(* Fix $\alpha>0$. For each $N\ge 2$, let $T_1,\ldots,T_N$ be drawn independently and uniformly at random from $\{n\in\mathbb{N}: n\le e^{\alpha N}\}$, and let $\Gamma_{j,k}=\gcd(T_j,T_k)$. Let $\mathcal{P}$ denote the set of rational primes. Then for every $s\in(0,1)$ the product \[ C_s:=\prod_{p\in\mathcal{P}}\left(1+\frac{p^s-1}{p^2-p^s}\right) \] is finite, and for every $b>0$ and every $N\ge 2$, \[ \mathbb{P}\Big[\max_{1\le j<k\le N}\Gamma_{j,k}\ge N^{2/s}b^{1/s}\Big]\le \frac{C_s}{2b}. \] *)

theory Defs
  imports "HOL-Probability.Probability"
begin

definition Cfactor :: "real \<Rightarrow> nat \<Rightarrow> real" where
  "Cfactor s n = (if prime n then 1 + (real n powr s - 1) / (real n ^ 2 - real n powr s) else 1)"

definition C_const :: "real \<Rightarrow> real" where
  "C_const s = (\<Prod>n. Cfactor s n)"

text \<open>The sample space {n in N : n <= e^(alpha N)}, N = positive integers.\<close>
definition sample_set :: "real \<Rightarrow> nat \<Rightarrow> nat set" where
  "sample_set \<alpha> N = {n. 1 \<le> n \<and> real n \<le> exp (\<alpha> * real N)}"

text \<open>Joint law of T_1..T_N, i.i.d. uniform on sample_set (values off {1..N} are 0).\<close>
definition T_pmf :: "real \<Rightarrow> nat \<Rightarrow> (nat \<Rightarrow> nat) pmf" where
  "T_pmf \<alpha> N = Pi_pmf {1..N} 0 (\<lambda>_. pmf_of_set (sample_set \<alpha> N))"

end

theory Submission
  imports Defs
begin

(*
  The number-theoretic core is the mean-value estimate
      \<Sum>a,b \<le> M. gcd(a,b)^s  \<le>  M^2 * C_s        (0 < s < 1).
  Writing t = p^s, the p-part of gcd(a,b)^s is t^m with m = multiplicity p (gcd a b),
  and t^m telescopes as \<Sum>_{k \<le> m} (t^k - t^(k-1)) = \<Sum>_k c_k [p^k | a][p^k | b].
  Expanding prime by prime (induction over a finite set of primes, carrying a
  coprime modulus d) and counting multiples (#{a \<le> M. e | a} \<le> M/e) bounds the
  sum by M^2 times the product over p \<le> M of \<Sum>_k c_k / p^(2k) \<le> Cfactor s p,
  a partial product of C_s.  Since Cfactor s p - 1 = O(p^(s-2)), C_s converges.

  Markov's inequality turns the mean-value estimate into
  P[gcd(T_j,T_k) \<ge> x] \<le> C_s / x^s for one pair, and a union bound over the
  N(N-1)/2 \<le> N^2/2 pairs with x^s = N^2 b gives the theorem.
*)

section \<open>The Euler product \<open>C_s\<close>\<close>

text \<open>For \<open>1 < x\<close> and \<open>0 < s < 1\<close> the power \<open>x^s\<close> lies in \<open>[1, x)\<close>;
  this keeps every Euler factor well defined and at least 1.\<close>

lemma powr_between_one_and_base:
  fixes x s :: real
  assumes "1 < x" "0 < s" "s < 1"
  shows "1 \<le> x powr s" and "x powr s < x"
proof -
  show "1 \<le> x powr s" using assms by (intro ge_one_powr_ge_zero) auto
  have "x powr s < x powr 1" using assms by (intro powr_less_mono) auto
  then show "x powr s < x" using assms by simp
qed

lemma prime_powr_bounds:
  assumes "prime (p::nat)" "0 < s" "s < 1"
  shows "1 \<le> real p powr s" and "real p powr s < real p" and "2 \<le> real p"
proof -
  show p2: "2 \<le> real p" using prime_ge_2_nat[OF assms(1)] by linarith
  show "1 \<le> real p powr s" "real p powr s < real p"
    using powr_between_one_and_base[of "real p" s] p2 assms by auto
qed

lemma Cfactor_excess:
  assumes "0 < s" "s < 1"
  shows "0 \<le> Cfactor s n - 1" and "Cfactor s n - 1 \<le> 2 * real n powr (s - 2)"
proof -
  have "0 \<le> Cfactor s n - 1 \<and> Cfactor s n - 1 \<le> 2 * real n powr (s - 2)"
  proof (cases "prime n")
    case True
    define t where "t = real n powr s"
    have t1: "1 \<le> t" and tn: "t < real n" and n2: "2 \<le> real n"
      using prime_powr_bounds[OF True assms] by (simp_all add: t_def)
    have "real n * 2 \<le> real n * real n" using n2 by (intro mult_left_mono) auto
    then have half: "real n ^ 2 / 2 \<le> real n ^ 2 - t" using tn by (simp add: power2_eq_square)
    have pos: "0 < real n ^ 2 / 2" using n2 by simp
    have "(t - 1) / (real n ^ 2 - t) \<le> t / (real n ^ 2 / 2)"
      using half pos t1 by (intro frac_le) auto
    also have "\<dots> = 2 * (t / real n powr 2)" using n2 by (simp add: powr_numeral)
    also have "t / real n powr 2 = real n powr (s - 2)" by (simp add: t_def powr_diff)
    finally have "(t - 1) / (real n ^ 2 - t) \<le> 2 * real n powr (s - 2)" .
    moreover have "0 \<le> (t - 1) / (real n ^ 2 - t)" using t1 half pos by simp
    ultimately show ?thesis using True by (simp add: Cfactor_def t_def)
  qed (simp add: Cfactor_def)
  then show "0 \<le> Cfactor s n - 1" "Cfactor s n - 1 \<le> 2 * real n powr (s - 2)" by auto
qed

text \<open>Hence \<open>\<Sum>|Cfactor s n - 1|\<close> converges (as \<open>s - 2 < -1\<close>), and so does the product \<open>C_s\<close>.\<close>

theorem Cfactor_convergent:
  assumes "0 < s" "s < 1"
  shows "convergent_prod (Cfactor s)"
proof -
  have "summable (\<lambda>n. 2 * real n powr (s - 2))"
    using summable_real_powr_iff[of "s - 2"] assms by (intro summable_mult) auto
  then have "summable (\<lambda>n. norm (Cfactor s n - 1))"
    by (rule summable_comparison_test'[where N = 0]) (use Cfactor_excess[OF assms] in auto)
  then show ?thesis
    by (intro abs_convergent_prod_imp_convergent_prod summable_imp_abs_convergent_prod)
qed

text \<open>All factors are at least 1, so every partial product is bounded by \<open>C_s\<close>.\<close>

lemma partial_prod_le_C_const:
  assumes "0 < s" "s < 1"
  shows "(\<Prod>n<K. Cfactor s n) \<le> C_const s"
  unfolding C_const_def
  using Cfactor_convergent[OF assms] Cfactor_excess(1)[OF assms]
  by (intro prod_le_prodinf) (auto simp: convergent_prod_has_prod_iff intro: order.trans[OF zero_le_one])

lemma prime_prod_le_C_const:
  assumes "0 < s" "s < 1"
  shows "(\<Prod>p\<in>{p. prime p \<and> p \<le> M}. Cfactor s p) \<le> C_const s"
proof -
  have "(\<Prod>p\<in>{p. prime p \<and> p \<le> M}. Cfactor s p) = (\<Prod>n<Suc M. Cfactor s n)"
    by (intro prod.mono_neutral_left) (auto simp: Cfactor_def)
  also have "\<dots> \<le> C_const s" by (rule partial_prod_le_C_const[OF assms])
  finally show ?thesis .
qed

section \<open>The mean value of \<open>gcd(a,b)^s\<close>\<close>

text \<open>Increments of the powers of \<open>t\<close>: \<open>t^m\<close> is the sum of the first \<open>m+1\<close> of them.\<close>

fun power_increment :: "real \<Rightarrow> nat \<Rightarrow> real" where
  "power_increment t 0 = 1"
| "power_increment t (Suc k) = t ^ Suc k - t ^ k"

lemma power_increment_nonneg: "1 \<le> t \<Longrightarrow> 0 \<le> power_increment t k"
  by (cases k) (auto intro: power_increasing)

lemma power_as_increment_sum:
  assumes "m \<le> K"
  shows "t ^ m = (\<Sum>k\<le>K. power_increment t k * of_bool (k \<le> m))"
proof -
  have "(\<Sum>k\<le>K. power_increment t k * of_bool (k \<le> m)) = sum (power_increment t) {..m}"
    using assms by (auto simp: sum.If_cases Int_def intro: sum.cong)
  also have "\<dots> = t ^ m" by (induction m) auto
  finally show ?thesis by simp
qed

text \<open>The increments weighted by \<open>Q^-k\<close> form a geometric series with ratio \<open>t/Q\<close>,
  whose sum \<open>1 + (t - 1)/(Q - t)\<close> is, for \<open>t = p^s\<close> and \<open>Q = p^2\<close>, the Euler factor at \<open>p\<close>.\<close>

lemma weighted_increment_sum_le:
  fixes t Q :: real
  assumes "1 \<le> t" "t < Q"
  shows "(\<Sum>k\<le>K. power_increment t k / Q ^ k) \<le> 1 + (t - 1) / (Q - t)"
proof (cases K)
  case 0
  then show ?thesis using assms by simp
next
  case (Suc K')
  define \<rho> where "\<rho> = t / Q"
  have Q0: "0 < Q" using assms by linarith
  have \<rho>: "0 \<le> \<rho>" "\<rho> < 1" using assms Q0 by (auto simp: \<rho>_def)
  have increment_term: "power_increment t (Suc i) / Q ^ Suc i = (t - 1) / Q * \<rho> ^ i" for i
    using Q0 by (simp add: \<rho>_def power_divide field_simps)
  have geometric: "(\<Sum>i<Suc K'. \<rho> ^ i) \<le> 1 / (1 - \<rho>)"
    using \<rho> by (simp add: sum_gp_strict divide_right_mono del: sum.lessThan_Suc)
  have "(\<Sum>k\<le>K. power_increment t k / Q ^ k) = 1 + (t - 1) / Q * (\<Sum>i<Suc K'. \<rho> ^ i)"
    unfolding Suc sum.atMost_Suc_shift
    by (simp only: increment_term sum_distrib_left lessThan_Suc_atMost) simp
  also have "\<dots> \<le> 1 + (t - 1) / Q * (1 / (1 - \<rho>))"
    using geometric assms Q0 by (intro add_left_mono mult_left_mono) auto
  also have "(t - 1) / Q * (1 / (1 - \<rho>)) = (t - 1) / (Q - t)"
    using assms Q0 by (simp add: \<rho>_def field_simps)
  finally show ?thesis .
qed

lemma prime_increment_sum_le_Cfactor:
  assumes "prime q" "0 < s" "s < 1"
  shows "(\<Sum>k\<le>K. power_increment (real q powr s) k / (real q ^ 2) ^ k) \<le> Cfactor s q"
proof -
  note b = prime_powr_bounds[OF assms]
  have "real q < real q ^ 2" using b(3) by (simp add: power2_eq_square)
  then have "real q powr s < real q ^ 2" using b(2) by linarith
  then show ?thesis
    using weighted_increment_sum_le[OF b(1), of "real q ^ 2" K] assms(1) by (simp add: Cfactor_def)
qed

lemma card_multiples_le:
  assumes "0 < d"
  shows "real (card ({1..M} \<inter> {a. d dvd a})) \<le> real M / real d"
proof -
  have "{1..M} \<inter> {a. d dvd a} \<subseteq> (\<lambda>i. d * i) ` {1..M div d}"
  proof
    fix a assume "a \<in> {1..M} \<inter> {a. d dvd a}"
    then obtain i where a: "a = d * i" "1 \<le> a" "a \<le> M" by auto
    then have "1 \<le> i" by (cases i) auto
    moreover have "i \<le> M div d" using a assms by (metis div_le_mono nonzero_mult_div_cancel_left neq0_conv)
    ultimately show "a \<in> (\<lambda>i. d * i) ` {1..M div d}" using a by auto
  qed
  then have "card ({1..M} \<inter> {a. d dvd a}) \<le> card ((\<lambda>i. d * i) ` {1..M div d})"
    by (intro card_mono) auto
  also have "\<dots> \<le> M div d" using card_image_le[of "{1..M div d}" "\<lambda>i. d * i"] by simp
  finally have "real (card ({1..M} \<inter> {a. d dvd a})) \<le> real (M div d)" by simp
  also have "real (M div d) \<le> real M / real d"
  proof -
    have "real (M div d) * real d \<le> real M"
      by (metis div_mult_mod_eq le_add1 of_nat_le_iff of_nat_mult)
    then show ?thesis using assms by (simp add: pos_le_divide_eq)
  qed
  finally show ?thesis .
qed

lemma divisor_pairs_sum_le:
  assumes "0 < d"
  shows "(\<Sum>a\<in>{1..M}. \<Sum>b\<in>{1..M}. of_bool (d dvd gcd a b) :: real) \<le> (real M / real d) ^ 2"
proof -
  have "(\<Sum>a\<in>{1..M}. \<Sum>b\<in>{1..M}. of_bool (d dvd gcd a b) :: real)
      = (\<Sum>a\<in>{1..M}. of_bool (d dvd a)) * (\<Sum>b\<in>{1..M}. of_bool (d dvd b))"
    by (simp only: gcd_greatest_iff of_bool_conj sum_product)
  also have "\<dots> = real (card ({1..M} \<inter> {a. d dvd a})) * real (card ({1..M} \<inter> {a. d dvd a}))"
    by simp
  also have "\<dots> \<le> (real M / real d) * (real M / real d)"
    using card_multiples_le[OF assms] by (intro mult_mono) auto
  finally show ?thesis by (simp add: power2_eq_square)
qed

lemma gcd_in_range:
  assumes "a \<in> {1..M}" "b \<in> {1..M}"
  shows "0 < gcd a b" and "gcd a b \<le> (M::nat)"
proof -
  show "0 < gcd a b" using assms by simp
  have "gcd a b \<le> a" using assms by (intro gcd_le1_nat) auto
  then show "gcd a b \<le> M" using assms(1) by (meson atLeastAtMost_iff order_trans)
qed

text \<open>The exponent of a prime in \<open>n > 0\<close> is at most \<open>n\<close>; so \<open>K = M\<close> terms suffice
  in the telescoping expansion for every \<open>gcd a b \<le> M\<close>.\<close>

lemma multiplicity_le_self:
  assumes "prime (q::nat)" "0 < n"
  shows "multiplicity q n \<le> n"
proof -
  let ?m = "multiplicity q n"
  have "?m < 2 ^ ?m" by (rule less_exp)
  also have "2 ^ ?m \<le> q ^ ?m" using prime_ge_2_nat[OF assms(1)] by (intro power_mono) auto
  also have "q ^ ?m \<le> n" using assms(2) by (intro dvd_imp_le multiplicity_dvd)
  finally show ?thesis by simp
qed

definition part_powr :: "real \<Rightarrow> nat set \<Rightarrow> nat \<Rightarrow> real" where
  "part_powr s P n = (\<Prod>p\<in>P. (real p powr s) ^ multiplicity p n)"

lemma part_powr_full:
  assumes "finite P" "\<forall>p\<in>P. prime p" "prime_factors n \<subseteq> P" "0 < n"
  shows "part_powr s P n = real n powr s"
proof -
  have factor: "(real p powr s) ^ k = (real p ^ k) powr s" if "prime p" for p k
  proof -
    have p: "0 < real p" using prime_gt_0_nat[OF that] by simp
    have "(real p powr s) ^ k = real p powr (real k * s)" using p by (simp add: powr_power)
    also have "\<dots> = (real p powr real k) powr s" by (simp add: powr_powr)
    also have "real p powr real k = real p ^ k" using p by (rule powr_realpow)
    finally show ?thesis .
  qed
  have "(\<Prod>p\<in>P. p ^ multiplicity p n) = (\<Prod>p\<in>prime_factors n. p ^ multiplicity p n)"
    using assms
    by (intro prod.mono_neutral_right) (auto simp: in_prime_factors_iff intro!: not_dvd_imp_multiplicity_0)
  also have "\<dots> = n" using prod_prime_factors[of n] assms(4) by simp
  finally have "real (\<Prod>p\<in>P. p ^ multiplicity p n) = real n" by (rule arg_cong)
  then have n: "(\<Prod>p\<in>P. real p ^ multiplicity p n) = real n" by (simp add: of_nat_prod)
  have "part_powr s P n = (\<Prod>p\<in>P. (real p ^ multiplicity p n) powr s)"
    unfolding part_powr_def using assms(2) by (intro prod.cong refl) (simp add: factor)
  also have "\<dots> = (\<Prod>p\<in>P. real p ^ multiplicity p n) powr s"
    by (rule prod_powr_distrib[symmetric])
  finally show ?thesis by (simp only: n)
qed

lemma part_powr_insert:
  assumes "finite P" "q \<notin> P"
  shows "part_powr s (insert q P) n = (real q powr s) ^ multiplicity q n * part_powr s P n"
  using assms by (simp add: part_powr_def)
* * *
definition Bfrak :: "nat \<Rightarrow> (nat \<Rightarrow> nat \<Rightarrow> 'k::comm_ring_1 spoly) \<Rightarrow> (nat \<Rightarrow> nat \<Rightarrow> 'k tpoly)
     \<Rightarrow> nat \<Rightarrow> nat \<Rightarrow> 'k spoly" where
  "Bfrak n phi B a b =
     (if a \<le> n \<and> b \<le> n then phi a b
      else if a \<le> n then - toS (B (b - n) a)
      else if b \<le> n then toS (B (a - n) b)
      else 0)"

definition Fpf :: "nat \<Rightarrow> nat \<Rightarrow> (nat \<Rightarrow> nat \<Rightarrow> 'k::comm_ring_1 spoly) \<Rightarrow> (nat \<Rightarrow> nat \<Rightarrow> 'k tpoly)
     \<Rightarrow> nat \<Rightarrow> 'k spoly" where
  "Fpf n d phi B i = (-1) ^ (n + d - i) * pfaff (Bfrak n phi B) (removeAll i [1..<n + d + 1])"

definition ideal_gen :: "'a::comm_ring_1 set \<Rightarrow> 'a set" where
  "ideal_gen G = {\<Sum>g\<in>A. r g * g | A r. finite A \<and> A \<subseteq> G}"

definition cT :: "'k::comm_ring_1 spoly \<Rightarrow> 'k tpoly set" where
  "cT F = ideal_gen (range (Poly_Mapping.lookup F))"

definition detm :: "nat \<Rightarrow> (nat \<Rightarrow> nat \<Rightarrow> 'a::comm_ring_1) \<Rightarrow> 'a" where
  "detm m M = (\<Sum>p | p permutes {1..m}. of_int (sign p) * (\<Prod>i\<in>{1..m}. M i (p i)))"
--
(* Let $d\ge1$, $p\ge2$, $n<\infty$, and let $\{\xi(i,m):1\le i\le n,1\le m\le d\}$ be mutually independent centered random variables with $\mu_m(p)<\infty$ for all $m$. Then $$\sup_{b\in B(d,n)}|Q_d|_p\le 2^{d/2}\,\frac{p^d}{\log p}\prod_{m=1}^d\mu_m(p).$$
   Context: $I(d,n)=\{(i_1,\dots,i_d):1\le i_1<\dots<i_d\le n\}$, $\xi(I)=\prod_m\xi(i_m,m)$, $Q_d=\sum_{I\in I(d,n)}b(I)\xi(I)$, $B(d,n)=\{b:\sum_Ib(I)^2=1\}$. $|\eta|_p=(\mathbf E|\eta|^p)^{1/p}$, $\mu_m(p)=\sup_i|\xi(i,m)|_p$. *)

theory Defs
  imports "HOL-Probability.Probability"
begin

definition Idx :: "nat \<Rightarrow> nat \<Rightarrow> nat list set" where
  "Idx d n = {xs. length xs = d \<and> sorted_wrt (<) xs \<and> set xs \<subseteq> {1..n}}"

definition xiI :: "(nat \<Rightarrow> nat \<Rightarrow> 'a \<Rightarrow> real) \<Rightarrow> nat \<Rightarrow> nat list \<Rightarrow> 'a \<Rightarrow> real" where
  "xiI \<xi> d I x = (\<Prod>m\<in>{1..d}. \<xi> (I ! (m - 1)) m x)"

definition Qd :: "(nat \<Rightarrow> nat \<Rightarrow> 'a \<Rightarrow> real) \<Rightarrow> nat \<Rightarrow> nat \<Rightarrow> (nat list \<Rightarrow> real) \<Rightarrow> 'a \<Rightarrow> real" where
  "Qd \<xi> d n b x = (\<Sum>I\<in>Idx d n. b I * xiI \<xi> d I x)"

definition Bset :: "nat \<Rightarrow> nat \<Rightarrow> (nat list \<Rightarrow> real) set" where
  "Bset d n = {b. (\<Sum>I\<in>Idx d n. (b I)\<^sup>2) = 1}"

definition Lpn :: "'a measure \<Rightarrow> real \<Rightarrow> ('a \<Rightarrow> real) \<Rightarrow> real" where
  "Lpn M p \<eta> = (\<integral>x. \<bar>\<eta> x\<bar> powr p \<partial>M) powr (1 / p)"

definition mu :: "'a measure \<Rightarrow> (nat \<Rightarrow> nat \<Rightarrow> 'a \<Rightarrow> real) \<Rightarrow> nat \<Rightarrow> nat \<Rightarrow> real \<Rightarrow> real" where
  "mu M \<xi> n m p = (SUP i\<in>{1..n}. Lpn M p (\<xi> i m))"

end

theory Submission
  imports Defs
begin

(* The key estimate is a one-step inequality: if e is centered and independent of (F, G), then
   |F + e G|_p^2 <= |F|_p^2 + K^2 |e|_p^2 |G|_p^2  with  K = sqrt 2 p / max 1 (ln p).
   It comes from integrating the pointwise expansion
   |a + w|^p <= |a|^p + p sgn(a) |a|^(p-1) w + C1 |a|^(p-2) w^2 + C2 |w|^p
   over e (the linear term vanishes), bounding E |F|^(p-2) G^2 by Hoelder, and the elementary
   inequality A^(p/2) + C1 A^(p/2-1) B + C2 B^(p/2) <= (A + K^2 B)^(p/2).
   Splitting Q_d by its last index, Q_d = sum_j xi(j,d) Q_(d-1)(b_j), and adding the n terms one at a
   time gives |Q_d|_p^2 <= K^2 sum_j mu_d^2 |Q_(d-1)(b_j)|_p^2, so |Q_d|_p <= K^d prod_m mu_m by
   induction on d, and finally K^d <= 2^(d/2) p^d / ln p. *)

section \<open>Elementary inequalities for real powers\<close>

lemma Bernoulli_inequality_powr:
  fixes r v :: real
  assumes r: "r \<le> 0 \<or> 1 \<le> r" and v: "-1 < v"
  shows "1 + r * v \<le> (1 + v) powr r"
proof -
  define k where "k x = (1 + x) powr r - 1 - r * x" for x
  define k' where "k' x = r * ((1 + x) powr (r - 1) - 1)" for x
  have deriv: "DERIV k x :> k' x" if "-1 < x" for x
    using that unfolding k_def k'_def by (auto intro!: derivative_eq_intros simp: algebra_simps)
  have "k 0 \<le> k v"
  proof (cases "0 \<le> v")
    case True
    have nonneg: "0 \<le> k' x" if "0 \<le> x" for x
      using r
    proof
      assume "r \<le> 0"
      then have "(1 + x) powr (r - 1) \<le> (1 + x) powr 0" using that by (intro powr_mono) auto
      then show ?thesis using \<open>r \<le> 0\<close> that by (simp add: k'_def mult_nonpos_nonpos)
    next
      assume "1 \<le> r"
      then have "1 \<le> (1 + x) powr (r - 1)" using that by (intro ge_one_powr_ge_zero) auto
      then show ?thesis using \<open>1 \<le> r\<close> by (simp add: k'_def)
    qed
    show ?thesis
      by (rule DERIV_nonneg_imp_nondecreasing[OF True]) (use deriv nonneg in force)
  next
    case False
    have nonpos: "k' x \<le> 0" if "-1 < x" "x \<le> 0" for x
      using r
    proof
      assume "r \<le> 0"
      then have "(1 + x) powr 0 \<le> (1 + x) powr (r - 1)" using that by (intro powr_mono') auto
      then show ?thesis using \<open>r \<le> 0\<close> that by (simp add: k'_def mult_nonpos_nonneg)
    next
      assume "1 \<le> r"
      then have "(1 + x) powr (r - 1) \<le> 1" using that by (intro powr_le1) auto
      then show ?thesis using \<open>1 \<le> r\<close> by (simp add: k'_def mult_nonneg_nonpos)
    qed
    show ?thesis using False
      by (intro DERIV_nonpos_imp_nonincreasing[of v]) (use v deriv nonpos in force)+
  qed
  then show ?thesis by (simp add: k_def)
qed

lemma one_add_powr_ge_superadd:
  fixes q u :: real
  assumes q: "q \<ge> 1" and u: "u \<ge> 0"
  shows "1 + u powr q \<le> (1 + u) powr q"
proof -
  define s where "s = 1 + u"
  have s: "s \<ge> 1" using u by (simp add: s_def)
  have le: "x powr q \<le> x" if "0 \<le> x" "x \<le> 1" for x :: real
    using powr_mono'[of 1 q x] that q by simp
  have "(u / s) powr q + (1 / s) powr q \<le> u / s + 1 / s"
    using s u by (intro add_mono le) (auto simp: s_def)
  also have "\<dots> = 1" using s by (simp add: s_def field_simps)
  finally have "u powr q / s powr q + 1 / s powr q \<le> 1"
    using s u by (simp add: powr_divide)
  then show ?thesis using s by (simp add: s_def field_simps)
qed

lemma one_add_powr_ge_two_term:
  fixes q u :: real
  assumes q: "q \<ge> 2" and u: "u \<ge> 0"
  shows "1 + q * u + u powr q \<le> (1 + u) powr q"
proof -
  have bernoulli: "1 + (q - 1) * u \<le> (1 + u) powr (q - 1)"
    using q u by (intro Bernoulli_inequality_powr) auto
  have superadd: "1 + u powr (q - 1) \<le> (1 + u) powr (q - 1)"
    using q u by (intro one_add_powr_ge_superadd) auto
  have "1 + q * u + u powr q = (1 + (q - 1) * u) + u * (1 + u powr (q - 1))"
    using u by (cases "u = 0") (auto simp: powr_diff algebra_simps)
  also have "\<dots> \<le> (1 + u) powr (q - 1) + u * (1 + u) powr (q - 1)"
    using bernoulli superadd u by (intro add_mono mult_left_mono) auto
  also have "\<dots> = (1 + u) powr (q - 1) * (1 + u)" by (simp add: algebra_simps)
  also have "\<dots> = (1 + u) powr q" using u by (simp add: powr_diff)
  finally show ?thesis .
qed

## Directions for this task
From the line that has "pos by simp" through the line that has "(\<lambda>n. 2 *", copy every line exactly as it appears above, and leave out all others.

## Result for this task
    moreover have "0 \<le> (t - 1) / (real n ^ 2 - t)" using t1 half pos by simp
    ultimately show ?thesis using True by (simp add: Cfactor_def t_def)
  qed (simp add: Cfactor_def)
  then show "0 \<le> Cfactor s n - 1" "Cfactor s n - 1 \<le> 2 * real n powr (s - 2)" by auto
qed

text \<open>Hence \<open>\<Sum>|Cfactor s n - 1|\<close> converges (as \<open>s - 2 < -1\<close>), and so does the product \<open>C_s\<close>.\<close>

theorem Cfactor_convergent:
  assumes "0 < s" "s < 1"
  shows "convergent_prod (Cfactor s)"
proof -
  have "summable (\<lambda>n. 2 * real n powr (s - 2))"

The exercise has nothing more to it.